> REQUIRED WORK
Find every line containing the string "Defs" in the data below, and report how many there are, with no other words.

(Items from a data source)

(* Let $f(z)=\sum_{k\ge0}a_kz^k$ have finite radius of convergence $0<R<\infty$, and let $n$ satisfy $a_n\neq 0$. Then \[ \lim_{r\to R}\kappa(n,r)=\frac{\|f\|_{H^1(D_R)}}{|a_n|R^n}, \] and this limit is finite if and only if $f$ belongs to the Hardy space $H^1(D_R)$. If $n>\nu$ then $\kappa(n,r)$ is strictly decreasing for $0<r<R$; whereas if $\nu=\infty$ then, for all $n$ with $a_n\ne0$, $\kappa(n,r)$ is strictly increasing for $r$ in some interval $(r_0,R)$.
   Context: For $0<r<R$: $M_1(r)=\frac{1}{2\pi}\int_0^{2\pi}|f(re^{i\theta})|\,d\theta$, $\kappa(n,r)=M_1(r)/(|a_n|r^n)$. The Hardy norm is $\|f\|_{H^1(D_R)}=\sup_{0<r<R}M_1(r)=\lim_{r\to R}M_1(r)\in(0,\infty]$; $f\in H^1(D_R)$ means this is finite. With $\sigma(r)=\log M_1(r)$ (which is differentiable with $\sigma'>0$ on $(0,R)$), $\nu=\sup_{0<r<R} r\sigma'(r)=\lim_{r\to R}r\sigma'(r)\in(0,\infty]$. *)

theory Defs
  imports "HOL-Analysis.Analysis"
begin

definition pser :: "(nat \<Rightarrow> complex) \<Rightarrow> complex \<Rightarrow> complex" where
  "pser a z = (\<Sum>k. a k * z ^ k)"

definition M1 :: "(nat \<Rightarrow> complex) \<Rightarrow> real \<Rightarrow> real" where
  "M1 a r = integral {0..2*pi} (\<lambda>\<theta>. norm (pser a (complex_of_real r * cis \<theta>))) / (2*pi)"

definition kappa :: "(nat \<Rightarrow> complex) \<Rightarrow> nat \<Rightarrow> real \<Rightarrow> real" where
  "kappa a n r = M1 a r / (norm (a n) * r ^ n)"

definition hardy_norm :: "(nat \<Rightarrow> complex) \<Rightarrow> real \<Rightarrow> ereal" where
  "hardy_norm a R = (SUP r\<in>{0<..<R}. ereal (M1 a r))"

definition in_hardy_H1 :: "(nat \<Rightarrow> complex) \<Rightarrow> real \<Rightarrow> bool" where
  "in_hardy_H1 a R \<longleftrightarrow> hardy_norm a R < \<infinity>"

definition sigma :: "(nat \<Rightarrow> complex) \<Rightarrow> real \<Rightarrow> real" where
  "sigma a r = ln (M1 a r)"

definition nu :: "(nat \<Rightarrow> complex) \<Rightarrow> real \<Rightarrow> ereal" where
  "nu a R = (SUP r\<in>{0<..<R}. ereal (r * deriv (sigma a) r))"

end

theory Submission
  imports Defs "HOL-Complex_Analysis.Complex_Analysis"
begin

text \<open>
  For 0 < r < R and e > 0 there is a holomorphic F on the disc with |F z| \<le> M1 |z| and
  |F r| \<ge> M1 r - e: average f over circles against a continuous approximation of the conjugate
  phase of f on the circle of radius r. The maximum modulus principle, applied to F and to
  z^p F(z)^q on annuli, shows that M1 is nondecreasing (which gives the limit) and satisfies
  Hadamard's three circles inequality for all rational exponents p/q, so sigma is convex in log r
  and r sigma'(r) is nondecreasing. M1 is differentiable: off the finitely many zeros of f on the
  circle, |f| is differentiable in the radius with Lipschitz difference quotients. Finally
  log kappa(n, r) = sigma(r) - n log r - log |a n| has derivative (r sigma'(r) - n) / r.
\<close>

lemma conv_radius_le_of_norm_le:
  fixes a b :: "nat \<Rightarrow> 'a::{real_normed_div_algebra,banach}"
  assumes "\<And>k. norm (b k) \<le> norm (a k)"
  shows "conv_radius a \<le> conv_radius b"
proof (rule conv_radius_geI_ex')
  fix s :: real assume s: "0 < s" "ereal s < conv_radius a"
  have "summable (\<lambda>k. norm (a k * of_real s ^ k))"
    by (rule abs_summable_in_conv_radius) (use s in simp)
  then show "summable (\<lambda>k. b k * of_real s ^ k)"
    by (rule summable_norm_cancel[OF summable_comparison_test[rotated]])
       (auto simp: norm_mult intro!: mult_right_mono assms)
qed

lemma holomorphic_on_pser:
  assumes "ereal R \<le> conv_radius a"
  shows "pser a holomorphic_on ball 0 R"
proof -
  have "(pser a has_field_derivative pser (diffs a) z) (at z)" if "z \<in> ball 0 R" for z
    unfolding pser_def
    by (rule has_field_derivative_powser) (use that assms in \<open>auto intro: less_le_trans[of _ "ereal R"]\<close>)
  then show ?thesis
    unfolding holomorphic_on_def field_differentiable_def
    using has_field_derivative_at_within by blast
qed

lemma holomorphic_lipschitz_on_cball:
  assumes g: "g holomorphic_on ball c R" and "\<rho> < R"
  obtains L where "0 \<le> L" "\<And>x y. x \<in> cball c \<rho> \<Longrightarrow> y \<in> cball c \<rho> \<Longrightarrow> norm (g x - g y) \<le> L * norm (x - y)"
proof -
  have sub: "cball c \<rho> \<subseteq> ball c R" using assms by auto
  have "continuous_on (cball c \<rho>) (deriv g)"
    using holomorphic_on_imp_continuous_on[OF holomorphic_deriv[OF g open_ball]] sub
    by (rule continuous_on_subset)
  then have "bounded (deriv g ` cball c \<rho>)"
    by (intro compact_imp_bounded compact_continuous_image compact_cball)
  then obtain L where L: "\<And>z. z \<in> cball c \<rho> \<Longrightarrow> norm (deriv g z) \<le> L"
    unfolding bounded_iff by (metis image_eqI)
  show thesis
  proof (rule that[of "max L 0"])
    show "norm (g x - g y) \<le> max L 0 * norm (x - y)" if "x \<in> cball c \<rho>" "y \<in> cball c \<rho>" for x y
      by (rule field_differentiable_bound[OF convex_cball _ _ that])
         (use sub L in \<open>auto intro!: holomorphic_derivI[OF g] max.coboundedI1\<close>)
  qed simp
qed

lemma integral_periodic_shift:
  fixes g :: "real \<Rightarrow> real"
  assumes cont: "continuous_on UNIV g" and per: "\<And>t. g (t + 2*pi) = g t"
    and \<alpha>: "0 \<le> \<alpha>" "\<alpha> \<le> 2*pi"
  shows "integral {0..2*pi} (\<lambda>t. g (t + \<alpha>)) = integral {0..2*pi} g"
proof -
  have int: "\<And>x y. g integrable_on {x..y}"
    by (rule integrable_continuous_real) (rule continuous_on_subset[OF cont], auto)
  have "integral {0..2*pi} (\<lambda>t. g (t + \<alpha>)) = integral {\<alpha>..2*pi+\<alpha>} g"
    using integral_shift_real_ivl[of \<alpha> \<alpha> "2*pi+\<alpha>" g] by simp
  also have "\<dots> = integral {\<alpha>..2*pi} g + integral {2*pi..2*pi+\<alpha>} g"
    by (rule Henstock_Kurzweil_Integration.integral_combine[symmetric]) (use \<alpha> int in auto)
  also have "integral {2*pi..2*pi+\<alpha>} g = integral {0..\<alpha>} g"
    using integral_shift_real_ivl[of "2*pi" "2*pi" "2*pi+\<alpha>" g] per by simp
  also have "integral {\<alpha>..2*pi} g + integral {0..\<alpha>} g = integral {0..2*pi} g"
    by (subst add.commute, rule Henstock_Kurzweil_Integration.integral_combine) (use \<alpha> int in auto)
  finally show ?thesis .
qed

lemma has_real_derivative_integral_finite_exceptions:
  fixes h :: "real \<Rightarrow> real \<Rightarrow> real"
  assumes B: "finite B" and \<delta>: "0 < \<delta>" and L: "0 \<le> L"
    and int: "\<And>s. s \<in> ball r \<delta> \<Longrightarrow> h s integrable_on {c..d}"
    and lip: "\<And>s t. s \<in> ball r \<delta> \<Longrightarrow> t \<in> {c..d} \<Longrightarrow> \<bar>h s t - h r t\<bar> \<le> L * \<bar>s - r\<bar>"
    and der: "\<And>t. t \<in> {c..d} \<Longrightarrow> t \<notin> B \<Longrightarrow> ((\<lambda>s. h s t) has_real_derivative D t) (at r)"
  shows "((\<lambda>s. integral {c..d} (h s)) has_real_derivative integral {c..d} D) (at r)"
proof -
  define G where "G = (\<lambda>t. if t \<in> B then 0 else D t)"
  have "((\<lambda>s. (integral {c..d} (h s) - integral {c..d} (h r)) / (s - r)) \<longlongrightarrow> integral {c..d} G)
          (at r within ball r \<delta>)"
    unfolding tendsto_at_iff_sequentially
  proof (intro allI impI)
    fix X :: "nat \<Rightarrow> real"
    assume X: "\<forall>i. X i \<in> ball r \<delta> - {r}" and Xr: "X \<longlonglongrightarrow> r"
    define Q where "Q = (\<lambda>i t. if t \<in> B then 0 else (h (X i) t - h r t) / (X i - r))"
    have Xi: "X i \<in> ball r \<delta>" "X i - r \<noteq> 0" for i
      using X by auto
    have Qint: "(Q i has_integral (integral {c..d} (h (X i)) - integral {c..d} (h r)) / (X i - r)) {c..d}" for i
    proof -
      have "((\<lambda>t. (h (X i) t - h r t) / (X i - r)) has_integral
              (integral {c..d} (h (X i)) - integral {c..d} (h r)) / (X i - r)) {c..d}"
        by (intro has_integral_divide has_integral_diff integrable_integral int Xi) (use \<delta> in simp)
      then show ?thesis
        by (rule has_integral_spike_finite[OF B, rotated]) (auto simp: Q_def)
    qed
    have bound: "norm (Q i t) \<le> L" if "t \<in> {c..d}" for i t
      using lip[OF Xi(1) that] Xi(2)[of i] L by (simp add: Q_def abs_divide divide_le_eq)
    have conv: "(\<lambda>i. Q i t) \<longlonglongrightarrow> G t" if t: "t \<in> {c..d}" for t
    proof (cases "t \<in> B")
      case False
      have "((\<lambda>s. (h s t - h r t) / (s - r)) \<longlongrightarrow> D t) (at r)"
        using der[OF t False] unfolding has_field_derivative_iff .
      then have "((\<lambda>s. (h s t - h r t) / (s - r)) \<circ> X) \<longlonglongrightarrow> D t"
        unfolding tendsto_at_iff_sequentially using X Xr by auto
      then show ?thesis using False by (simp add: Q_def G_def o_def)
    qed (simp add: Q_def G_def)
    have "(\<lambda>i. integral {c..d} (Q i)) \<longlonglongrightarrow> integral {c..d} G"
      by (rule dominated_convergence[where h = "\<lambda>_. L", OF _ _ bound conv]) (use Qint in auto)
    moreover have "integral {c..d} (Q i) = (integral {c..d} (h (X i)) - integral {c..d} (h r)) / (X i - r)" for i
      using Qint by (rule integral_unique)
    ultimately show "((\<lambda>s. (integral {c..d} (h s) - integral {c..d} (h r)) / (s - r)) \<circ> X)
                 \<longlonglongrightarrow> integral {c..d} G"
      by (simp add: o_def)
  qed
  moreover have "integral {c..d} G = integral {c..d} D"
    by (rule integral_spike[of B]) (auto simp: G_def B)
  ultimately show ?thesis
    unfolding has_field_derivative_iff using at_within_open[of r "ball r \<delta>"] \<delta> by simp
qed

> YOUR SOLUTION
2